1 Recap: the std Priority Queue Interface

This is the entire priority queue interface.

public class PriorityQueue<E> implements Queue<E> {

    // Create an empty priority queue.
    public PriorityQueue() { ... }

    // Create a priority queue using a specific comparator.
    public PriorityQueue(Comparator<E> comparator) { ... }

    // Create a priority queue initialized with all of the elements
    // from another Collection.
    public PriorityQueue(Collection<? extends E> c) { ... }

    public void clear() { ... }

    public boolean isEmpty() { ... }

    public int size() { ... }

    // Add an element ot the queue.
    public boolean add(E e) { ... }

    // Look at the front element without removing it.
    public E peek() { ... }

    // Remove and return the front element.
    public E poll() { ... }

       ⋮
}

• We can add a new element into the priority queue.

  Unlike add into a stack or queue, however, the element does not automatically become the first or last thing we will next retrieve. Exactly when we will see this element again depends on its priority value.

• We can check the size of the priority queue or ask if it isEmpty.

• We can peek at the front (smallest) element.

• We can remove the smallest element by polling.

1.1 The Priority Queue Implementation

public class PriorityQueue<E> implements Queue<E> {

    private MinHeap<E> heap;

    // Create an empty priority queue.
    public PriorityQueue() {
        heap = new MinHeap<>();
    }

    // Create a priority queue using a specific comparator.
    public PriorityQueue(Comparator<E> comparator) {
        heap = new MinHeap<>(comparator);
    }

    // Create a priority queue initialized with all of the elements
    // from another Collection.
    public PriorityQueue(Collection<? extends E> c) {
        heap = new MinHeap<>(c);
    }

    public void clear() { heap.clear(); }

    public boolean isEmpty() { return heap.heapSize() == 0; }

    public int size() { return heap.heapSize(); }

    public boolean add(E e) {
        heap.insert(e);
        return true;
    }

    public E peek() { return heap.peek(); }

    public E poll() { return heap.remove(); }

    ⋮
}

We have added an implementing data structure, a heap. You can then see that the priority queue functions are pretty much one-liners, all passing the buck to similar functions provided by the heap.

We will look at this heap data structure in just a bit. First, though, let’s look at what we could do to implement priority queues using the data structures we already know.

One possibility would be to use a sorted sequential structure (array or linked list). For example, using an ArrayList, we would try to keep the elements in descending order by priority. Then we could peek() at the priority queue as the get(size()-1) of the implementing ArrayList.

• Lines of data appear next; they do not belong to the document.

lemma stationary_seq_distr_funpow_shift:
  assumes X: "\<And>n. X n \<in> measurable M (count_space UNIV)" and "stationary_seq M X"
  shows "distr M seq_space (\<lambda>\<omega>. (shift ^^ k) (\<lambda>n. X n \<omega>)) = distr M seq_space (\<lambda>\<omega> n. X n \<omega>)"
proof (induction k)
  case (Suc k)
  have [measurable]: "(\<lambda>\<omega> n. X n \<omega>) \<in> measurable M seq_space"
    "(\<lambda>\<omega> n. X (n + 1) \<omega>) \<in> measurable M seq_space"
    using X by (simp_all add: measurable_sample_path)
  have "(\<lambda>\<omega>. (shift ^^ Suc k) (\<lambda>n. X n \<omega>)) = (shift ^^ k) \<circ> (\<lambda>\<omega> n. X (n + 1) \<omega>)"
    by (simp add: funpow_Suc_right shift_def fun_eq_iff del: funpow.simps)
  then have "distr M seq_space (\<lambda>\<omega>. (shift ^^ Suc k) (\<lambda>n. X n \<omega>))
      = distr (distr M seq_space (\<lambda>\<omega> n. X (n + 1) \<omega>)) seq_space (shift ^^ k)"
    by (simp add: distr_distr)
  also have "\<dots> = distr (distr M seq_space (\<lambda>\<omega> n. X n \<omega>)) seq_space (shift ^^ k)"
    using \<open>stationary_seq M X\<close> unfolding stationary_seq_def by simp
  also have "\<dots> = distr M seq_space (\<lambda>\<omega> n. X n \<omega>)"
    using Suc.IH by (simp add: distr_distr comp_def)
  finally show ?case .
qed simp

lemma stationary_seq_measure_funpow_shift:
  assumes X: "\<And>n. X n \<in> measurable M (count_space UNIV)" and "stationary_seq M X"
    and S: "S \<in> sets seq_space"
  shows "measure M {\<omega> \<in> space M. (shift ^^ k) (\<lambda>n. X n \<omega>) \<in> S}
    = measure M {\<omega> \<in> space M. (\<lambda>n. X n \<omega>) \<in> S}"
proof -
  have [measurable]: "(\<lambda>\<omega> n. X n \<omega>) \<in> measurable M seq_space"
    using X by (rule measurable_sample_path)
  have "measure M {\<omega> \<in> space M. (shift ^^ k) (\<lambda>n. X n \<omega>) \<in> S}
      = measure (distr M seq_space (\<lambda>\<omega>. (shift ^^ k) (\<lambda>n. X n \<omega>))) S"
    using S by (simp add: measure_distr vimage_def Int_def conj_commute)
  also have "\<dots> = measure (distr M seq_space (\<lambda>\<omega> n. X n \<omega>)) S"
    using stationary_seq_distr_funpow_shift[OF assms(1,2)] by simp
  also have "\<dots> = measure M {\<omega> \<in> space M. (\<lambda>n. X n \<omega>) \<in> S}"
    using S by (simp add: measure_distr vimage_def Int_def conj_commute)
  finally show ?thesis .
qed

lemma (in finite_measure) disjoint_family_equal_measure_zero:
  fixes A :: "nat \<Rightarrow> 'a set"
  assumes "range A \<subseteq> sets M" "disjoint_family A" and "\<And>k. measure M (A k) = c"
  shows "c = 0"
proof -
  have "(\<lambda>_. c) sums measure M (\<Union>k. A k)"
    using finite_measure_UNION[OF assms(1,2)] assms(3) by simp
  then show ?thesis
    using summable_const_iff sums_summable by blast
qed

lemma stationary_seq_wandering_set_null:
  assumes "prob_space M" and X: "\<And>n. X n \<in> measurable M (count_space UNIV)" and "stationary_seq M X"
    and S: "S \<in> sets seq_space"
    and wandering: "\<And>x k. 0 < k \<Longrightarrow> x \<in> S \<Longrightarrow> (shift ^^ k) x \<notin> S"
  shows "measure M {\<omega> \<in> space M. (\<lambda>n. X n \<omega>) \<in> S} = 0"
proof -
  interpret prob_space M by fact
  have [measurable]: "(\<lambda>\<omega> n. X n \<omega>) \<in> measurable M seq_space"
    using X by (rule measurable_sample_path)
  define A where "A k = {\<omega> \<in> space M. (shift ^^ k) (\<lambda>n. X n \<omega>) \<in> S}" for k
  have "A k \<inter> A l = {}" if "k < l" for k l
  proof -
    have "(shift ^^ l) y = (shift ^^ (l - k + k)) y" for y :: "int \<Rightarrow> int"
      using that by simp
    then have "(shift ^^ l) y = (shift ^^ (l - k)) ((shift ^^ k) y)" for y :: "int \<Rightarrow> int"
      by (simp add: funpow_add)
    then show ?thesis
      using wandering[of "l - k"] that unfolding A_def by auto
  qed
  then have "disjoint_family A"
    unfolding disjoint_family_on_def by (metis Int_commute linorder_neqE_nat)
  moreover have "range A \<subseteq> sets M"
    unfolding A_def using S by auto
  moreover have "measure M (A k) = measure M (A 0)" for k
    unfolding A_def using stationary_seq_measure_funpow_shift[OF X \<open>stationary_seq M X\<close> S] by simp
  ultimately have "measure M (A 0) = 0"
    by (intro disjoint_family_equal_measure_zero)
  then show ?thesis
    by (simp add: A_def)
qed

lemma one_sided_root_null:
  assumes "prob_space M" and X: "\<And>n. X n \<in> measurable M (count_space UNIV)" and "stationary_seq M X"
  shows "measure M {\<omega> \<in> space M. one_sided_root (\<lambda>n. X n \<omega>)} = 0"
proof -
  define R where "R = {x. record_root x 0 \<and> (\<forall>n>0. \<not> record_root x n)}"
  define L where "L = {x. record_root x 0 \<and> (\<forall>n<0. \<not> record_root x n)}"
  have R_sets [measurable]: "R \<in> sets seq_space"
    unfolding R_def by (intro Collect_in_sets_seq_space) measurable
  have L_sets [measurable]: "L \<in> sets seq_space"
    unfolding L_def by (intro Collect_in_sets_seq_space) measurable
  interpret prob_space M by fact
  have [measurable]: "(\<lambda>\<omega> n. X n \<omega>) \<in> measurable M seq_space"
    using X by (rule measurable_sample_path)
  have R_null: "measure M {\<omega> \<in> space M. (\<lambda>n. X n \<omega>) \<in> R} = 0"
    by (rule stationary_seq_wandering_set_null[OF assms R_sets])
      (auto simp: R_def record_root_funpow_shift)
  have L_null: "measure M {\<omega> \<in> space M. (\<lambda>n. X n \<omega>) \<in> L} = 0"
  proof (rule stationary_seq_wandering_set_null[OF assms L_sets])
    fix x and k :: nat
    assume "0 < k" "x \<in> L"
    then have "record_root ((shift ^^ k) x) (- int k)"
      by (simp add: L_def record_root_funpow_shift)
    moreover have "- int k < 0"
      using \<open>0 < k\<close> by simp
    ultimately show "(shift ^^ k) x \<notin> L"
      unfolding L_def by blast
  qed
  have "measure M {\<omega> \<in> space M. one_sided_root (\<lambda>n. X n \<omega>)}
      = measure M ({\<omega> \<in> space M. (\<lambda>n. X n \<omega>) \<in> R} \<union> {\<omega> \<in> space M. (\<lambda>n. X n \<omega>) \<in> L})"
    unfolding one_sided_root_def R_def L_def by (rule arg_cong[where f = "measure M"]) auto
  also have "\<dots> \<le> measure M {\<omega> \<in> space M. (\<lambda>n. X n \<omega>) \<in> R}
      + measure M {\<omega> \<in> space M. (\<lambda>n. X n \<omega>) \<in> L}"
    by (intro measure_Un_le) measurable
  finally show ?thesis
    using R_null L_null measure_nonneg[of M "{\<omega> \<in> space M. one_sided_root (\<lambda>n. X n \<omega>)}"] by linarith
qed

Question: With this data structure, what would the complexities of the priority queue add and poll operations be?

• O(1) and O(1)

• O(1) and O(n)

• O(n) and O(1)

• O(n) and O(n)

We can do better than that.

We might consider instead using a balanced binary search tree to store the priority queue. This time, it will be a little easier if we store the items in ascending order by priority.

Question:

Using a balanced binary search tree as the underlying data structure, what would the complexities of the priority queue add and poll operations be?

• $O(1)$; $O(\log n)$

• $O(\log n)$; $O(1)$

• $O(\log n)$; $O(\log n)$

• $O(\log n)$; $O(n)$

• $O(n)$; $O(\log n)$

• $O(n)$; $O(n)$

That sounds pretty good.

We can’t actually hope to improve on the worst case times offered by balanced search trees, we can match those worst case times (and improve on the multiplicative constant) and actually achieve O(1) average case complexities by the use of a new data structure, called a “heap”.

2 Implementing Priority Queues - the Heap

We can implement priority queues using a data structure called a (binary) heap, sometimes also known as a “binary heap”.

2.1 Binary Heaps

A binary heap is a binary tree with the properties:

• The tree is complete (entirely filled, except possibly on the lowest level, which is filled from left to right).

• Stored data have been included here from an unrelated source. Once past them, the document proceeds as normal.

lemma fls_times_deriv_nth_lowest:
  fixes p q :: "'a::comm_ring_1 fls"
  assumes "\<And>n. n < s \<Longrightarrow> q $$ n = 0"
  defines "r \<equiv> fls_subdegree p"
  shows "n < r + s - 1 \<Longrightarrow> (p * fls_deriv q) $$ n = 0"
    and "(p * fls_deriv q) $$ (r + s - 1) = p $$ r * (of_int s * q $$ s)"
proof -
  have prod: "(p * fls_deriv q) $$ n = (\<Sum>i=r..n - (s - 1). p $$ i * fls_deriv q $$ (n - i))" for n
    by (rule fls_times_nth_lower_bounds) (simp_all add: assms r_def)
  show "n < r + s - 1 \<Longrightarrow> (p * fls_deriv q) $$ n = 0"
    by (simp add: prod)
  show "(p * fls_deriv q) $$ (r + s - 1) = p $$ r * (of_int s * q $$ s)"
    by (simp add: prod)
qed

lemma fps_times_const_X_intpow_nth:
  "((F :: 'a::comm_ring_1 fls fps) * fps_const (fls_X_intpow n)) $ j $$ e = F $ j $$ (e - n)"
  by (simp only: fps_mult_right_const_nth fls_X_intpow_times_conv_shift fls_shift_nth) simp

definition pochhammer_step :: "'a::comm_semiring_1 \<Rightarrow> 'a \<Rightarrow> nat \<Rightarrow> 'a" where
  "pochhammer_step x h j = (\<Prod>i<j. x + of_nat i * h)"

lemma pochhammer_step_0 [simp]: "pochhammer_step x h 0 = 1"
  by (simp add: pochhammer_step_def)

lemma pochhammer_step_Suc: "pochhammer_step x h (Suc j) = pochhammer_step x h j * (x + of_nat j * h)"
  by (simp add: pochhammer_step_def)

(* Since (x - t) P_j(x) = P_(j+1)(x) - (t + j h) P_j(x) for P_j = pochhammer_step x h j, the
   vanishing of all these sums survives multiplying the coefficients by x i - t. *)
lemma sum_pochhammer_step_mult_prod_eq_0:
  fixes b x :: "'i \<Rightarrow> 'a::field"
  assumes "finite T" and "\<And>j. (\<Sum>i\<in>I. b i * pochhammer_step (x i) h j) = 0"
  shows "(\<Sum>i\<in>I. b i * (\<Prod>t\<in>T. x i - t) * pochhammer_step (x i) h j) = 0"
  using assms(1)
proof (induction T arbitrary: j rule: finite_induct)
  case empty
  then show ?case using assms(2) by simp
next
  case (insert t T)
  define S where "S j = (\<Sum>i\<in>I. b i * (\<Prod>t\<in>T. x i - t) * pochhammer_step (x i) h j)" for j
  have "(\<Sum>i\<in>I. b i * (\<Prod>t\<in>insert t T. x i - t) * pochhammer_step (x i) h j)
      = (\<Sum>i\<in>I. b i * (\<Prod>t\<in>T. x i - t) *
           (pochhammer_step (x i) h (Suc j) - (t + of_nat j * h) * pochhammer_step (x i) h j))"
    using insert.hyps by (intro sum.cong) (auto simp: pochhammer_step_Suc algebra_simps)
  also have "\<dots> = S (Suc j) - (t + of_nat j * h) * S j"
    by (simp add: S_def algebra_simps sum_subtractf sum_distrib_left)
  also have "\<dots> = 0"
    using insert.IH by (simp add: S_def)
  finally show ?case .
qed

• Each non-root node in the tree has a smaller (or equal) value than its parent.

**Important: A heap is a binary tree, but not a binary search tree. The ordering rules for heaps are different from those of binary search trees.

What I have defined here is sometimes called a max-heap, because the largest value in the heap will be at the root. We can also have a min-heap, in which every child has a value larger than its parent.

Max-heaps always have their very largest value in their root. Min-heaps always have their smallest value in the root.

In this course, we will always assume that a “heap” is a “max-heap” unless explicitly stated otherwise.

Let’s look at the implications of each of these two properties.

2.2 Heaps are complete trees

Here’s an example of a complete binary tree.

Complete binary trees have a very simple linear representation, allowing us to implement them in an array or vector with no pointers.

• The parent of node $i$ is in slot $\left\lfloor \frac{i-1}{2} \right\rfloor$.

• The children of node $i$ are in $2i+1$ and $2i+2$.

2.3 Children’s Values are Smaller than Their Parent’s

Using the same tree shape, we can fill in some values to show an example of a heap.

Each parent has a value larger than its children’s values (and, therefore, larger than the values of any of its descendants).

So when we ask for the front (largest value) of a priority queue, we find it in the root of the heap, which in turn will be in position 0 of the array/vector.

2.4 The Data Structure

The code in the textbook is not generic, so I will present a generic version.

class MaxHeap<E> {

    private Object[] heap; // Pointer to the heap array
    private Comparator<E> compare; // comparator to use when comparing elements
    private int n; // Number of things now in heap
    ⋮

Our basic data structure will be an array. In the textbook, this array has a fixed size that constitutes the maximum size of the queue. I will instead use an ArrayList-style doubling of the array whenever and add operation threatens to overflow it.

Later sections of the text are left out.